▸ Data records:
● ● ● ● ● ● ●
lemma grid_stretch_ge:
  assumes "n \<ge> 2"
  shows "n - 1 \<le> stretch (grid_V n) (grid_E n)"
proof (rule stretch_lower_bound[OF finite_grid_V grid_edges_subset grid_connected])
  fix T assume T: "spanning_tree (grid_V n) (grid_E n) T"
  define N where "N = int n"
  have V: "(1, 1) \<in> grid_V n" "(N, N) \<in> grid_V n"
    using assms by (auto simp: grid_V_def N_def)
  have "edge_lipschitz (grid_E n) (\<lambda>(a, b). a + b)"
    by (rule grid_edge_lipschitz) auto
  then obtain y where "y \<in> grid_V n" and y: "fst y + snd y = N + 1"
    and bound: "\<And>h P. edge_lipschitz (grid_E n) h \<Longrightarrow> walk (grid_E n) P \<Longrightarrow>
      hd P = (1, 1) \<Longrightarrow> last P = (N, N) \<Longrightarrow> \<forall>z\<in>set P. h z \<le> 0 \<Longrightarrow>
      2 * h y \<le> int (tree_stretch (grid_E n) T)"
    using level_vertex_bounds_tree_stretch[OF T grid_edges_subset finite_grid_V V,
        of "\<lambda>(a, b). a + b" "N + 1"] assms
    by (auto simp: N_def case_prod_beta)
  define h where "h = (\<lambda>(a, b). min (b - 1) (N - a))"
  have lip: "edge_lipschitz (grid_E n) h" "edge_lipschitz (grid_E n) (h \<circ> prod.swap)"
    unfolding h_def by (rule grid_edge_lipschitz, auto)+
  have nonpos: "\<forall>z\<in>set (grid_walk N N). h z \<le> 0"
    by (auto simp: grid_walk_def h_def)
  note P = grid_walk[OF V(2)]
  have "2 * h y \<le> int (tree_stretch (grid_E n) T)"
    using bound[OF lip(1) P nonpos] .
  moreover have "2 * (h \<circ> prod.swap) y \<le> int (tree_stretch (grid_E n) T)"
  proof (rule bound[OF lip(2)])
    show "walk (grid_E n) (map prod.swap (grid_walk N N))"
      using walk_map[OF P(1) grid_edge_swap] .
    have "grid_walk N N \<noteq> []"
      using P(1) by auto
    then show "hd (map prod.swap (grid_walk N N)) = (1, 1)"
      "last (map prod.swap (grid_walk N N)) = (N, N)"
      using P(2,3) by (simp_all add: hd_map last_map)
    show "\<forall>z\<in>set (map prod.swap (grid_walk N N)). (h \<circ> prod.swap) z \<le> 0"
      using nonpos by auto
  qed
  moreover have "h y + (h \<circ> prod.swap) y = N - 1"
    using y by (auto simp: h_def split: prod.splits)
  ultimately show "n - 1 \<le> tree_stretch (grid_E n) T"
    by (simp add: N_def)
qed

section \<open>The triangular grid\<close>

lemma tri_edgeI:
  assumes "(a, b) \<in> tri_V n" "(c, d) \<in> tri_V n"
    "(c - a, d - b) \<in> {(1, 0), (-1, 0), (0, 1), (0, -1), (1, -1), (-1, 1)}"
  shows "{(a, b), (c, d)} \<in> tri_E n"
  using assms unfolding tri_E_def by blast

lemma tri_edgeE:
  assumes "{u, v} \<in> tri_E n"
  obtains a b c d where "u = (a, b)" "v = (c, d)" "(a, b) \<in> tri_V n" "(c, d) \<in> tri_V n"
    "\<bar>a - c\<bar> \<le> 1" "\<bar>b - d\<bar> \<le> 1" "\<bar>a + b - c - d\<bar> \<le> 1"
proof -
  obtain a b c d where e: "{u, v} = {(a, b), (c, d)}" "(a, b) \<in> tri_V n" "(c, d) \<in> tri_V n"
    "(c - a, d - b) \<in> {(1, 0), (-1, 0), (0, 1), (0, -1), (1, -1), (-1, 1)}"
    using assms unfolding tri_E_def by blast
  then have "\<bar>a - c\<bar> \<le> 1" "\<bar>b - d\<bar> \<le> 1" "\<bar>a + b - c - d\<bar> \<le> 1"
    "\<bar>c - a\<bar> \<le> 1" "\<bar>d - b\<bar> \<le> 1" "\<bar>c + d - a - b\<bar> \<le> 1"
    by auto
  moreover consider "u = (a, b)" "v = (c, d)" | "u = (c, d)" "v = (a, b)"
    using e(1) by (auto simp: doubleton_eq_iff)
  ultimately show thesis
    using that e(2,3) by metis
qed

lemma tri_edges_subset: "\<Union>(tri_E n) \<subseteq> tri_V n"
proof
  fix w assume "w \<in> \<Union>(tri_E n)"
  then obtain u v where "w \<in> {u, v}" "{u, v} \<in> tri_E n"
    unfolding tri_E_def by blast
  then show "w \<in> tri_V n"
    by (auto elim: tri_edgeE)
qed

lemma tri_edge_lipschitz:
  assumes "\<And>a b c d. \<bar>a - c\<bar> \<le> 1 \<Longrightarrow> \<bar>b - d\<bar> \<le> 1 \<Longrightarrow> \<bar>a + b - c - d\<bar> \<le> 1 \<Longrightarrow>
    \<bar>h (a, b) - h (c, d)\<bar> \<le> 1"
  shows "edge_lipschitz (tri_E n) h"
  unfolding edge_lipschitz_def using assms by (blast elim: tri_edgeE)

lemma finite_tri_V: "finite (tri_V n)"
  by (rule finite_subset[of _ "{0..int n} \<times> {0..int n}"]) (auto simp: tri_V_def)

definition tri_walk :: "int \<Rightarrow> int \<Rightarrow> (int \<times> int) list" where
  "tri_walk a b = map (\<lambda>k. if k \<le> a then (k, 0) else (a, k - a)) [0..a + b]"

lemma tri_walk:
  assumes "(a, b) \<in> tri_V n"
  shows "walk (tri_E n) (tri_walk a b)"
    "hd (tri_walk a b) = (0, 0)" "last (tri_walk a b) = (a, b)"
proof -
  have "0 \<le> a + b"
    using assms by (auto simp: tri_V_def)
  then show "walk (tri_E n) (tri_walk a b)"
    unfolding tri_walk_def
  proof (rule walk_map_upto)
    fix k assume "0 \<le> k" "k < a + b"
    then show "{if k \<le> a then (k, 0) else (a, k - a),
        if k + 1 \<le> a then (k + 1, 0) else (a, k + 1 - a)} \<in> tri_E n"
      using assms by (cases "k < a") (simp_all add: tri_edgeI tri_V_def)
  qed
  show "hd (tri_walk a b) = (0, 0)" "last (tri_walk a b) = (a, b)"
    unfolding tri_walk_def map_upto_ends[OF \<open>0 \<le> a + b\<close>]
    using assms by (auto simp: tri_V_def)
qed

lemma tri_connected: "connected_graph (tri_V n) (tri_E n)"
  using tri_walk by (intro connected_graph_if_walks_from[OF tri_edges_subset]) fastforce

definition tri_perimeter_walk :: "int \<Rightarrow> (int \<times> int) list" where
  "tri_perimeter_walk M = map (\<lambda>k. if k \<le> M then (0, k) else (k - M, 2 * M - k)) [0..2 * M]"

lemma tri_perimeter_walk:
  assumes "n \<ge> 1"
  defines "M \<equiv> int n - 1"
  shows "walk (tri_E n) (tri_perimeter_walk M)"
    "hd (tri_perimeter_walk M) = (0, 0)" "last (tri_perimeter_walk M) = (M, 0)"
proof -
  have "0 \<le> 2 * M"
    using assms by simp
  then show "walk (tri_E n) (tri_perimeter_walk M)"
    unfolding tri_perimeter_walk_def
  proof (rule walk_map_upto)
    fix k assume "0 \<le> k" "k < 2 * M"
    then show "{if k \<le> M then (0, k) else (k - M, 2 * M - k),
        if k + 1 \<le> M then (0, k + 1) else (k + 1 - M, 2 * M - (k + 1))} \<in> tri_E n"
      by (cases "k < M") (simp_all add: tri_edgeI tri_V_def M_def)
  qed
  show "hd (tri_perimeter_walk M) = (0, 0)" "last (tri_perimeter_walk M) = (M, 0)"
    unfolding tri_perimeter_walk_def map_upto_ends[OF \<open>0 \<le> 2 * M\<close>] using assms by auto
qed

lemma tri_stretch_ge:
  assumes "n \<ge> 2"
  shows "(n - 1) div 2 \<le> stretch (tri_V n) (tri_E n)"
proof (cases "(n - 1) div 2 = 0")
  case False
  show ?thesis
  proof (rule stretch_lower_bound[OF finite_tri_V tri_edges_subset tri_connected])
    fix T assume T: "spanning_tree (tri_V n) (tri_E n) T"
    define M K where "M = int n - 1" and "K = int ((n - 1) div 2)"
    have K: "1 \<le> K" "2 * K \<le> M"
      using assms False by (simp_all add: M_def K_def)
    have V: "(0, 0) \<in> tri_V n" "(M, 0) \<in> tri_V n"
      using assms by (auto simp: tri_V_def M_def)
    have "edge_lipschitz (tri_E n) fst"
      by (rule tri_edge_lipschitz) auto
    then obtain y where y: "y \<in> tri_V n" "fst y = K"
      and bound: "\<And>h P. edge_lipschitz (tri_E n) h \<Longrightarrow> walk (tri_E n) P \<Longrightarrow>
        hd P = (0, 0) \<Longrightarrow> last P = (M, 0) \<Longrightarrow> \<forall>z\<in>set P. h z \<le> 0 \<Longrightarrow>
        2 * h y \<le> int (tree_stretch (tri_E n) T)"
      using level_vertex_bounds_tree_stretch[OF T tri_edges_subset finite_tri_V V, of fst K] K
      by auto
    define h where "h = (\<lambda>(a, b). min a (M - a - b))"
    have "edge_lipschitz (tri_E n) snd" "edge_lipschitz (tri_E n) h"
      unfolding h_def by (rule tri_edge_lipschitz, auto)+
    moreover have "\<forall>z\<in>set (tri_walk M 0). snd z \<le> 0" "\<forall>z\<in>set (tri_perimeter_walk M). h z \<le> 0"
      by (auto simp: tri_walk_def tri_perimeter_walk_def h_def)
    ultimately have "2 * snd y \<le> int (tree_stretch (tri_E n) T)"
      "2 * h y \<le> int (tree_stretch (tri_E n) T)"
      using bound tri_walk[OF V(2)] tri_perimeter_walk[of n] assms by (auto simp: M_def)
    moreover have "K \<le> snd y + h y"
      using y K by (auto simp: h_def tri_V_def M_def split: prod.splits)
    ultimately show "(n - 1) div 2 \<le> tree_stretch (tri_E n) T"
      by (simp add: K_def)
  qed
qed simp

theorem mainTheorem8:
  fixes n :: nat
  assumes "n \<ge> 2"
  shows "stretch (grid_V n) (grid_E n) \<ge> n - 1 \<and> stretch (tri_V n) (tri_E n) \<ge> (n - 1) div 2"
  using grid_stretch_ge[OF assms] tri_stretch_ge[OF assms] by simp

end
● ● ● ● ● ● ●
▸ Action item: Could you write out exactly the lines above, starting at the first one and ending with the line that has "define N where"?

▸ Task result:
lemma grid_stretch_ge:
  assumes "n \<ge> 2"
  shows "n - 1 \<le> stretch (grid_V n) (grid_E n)"
proof (rule stretch_lower_bound[OF finite_grid_V grid_edges_subset grid_connected])
  fix T assume T: "spanning_tree (grid_V n) (grid_E n) T"
  define N where "N = int n"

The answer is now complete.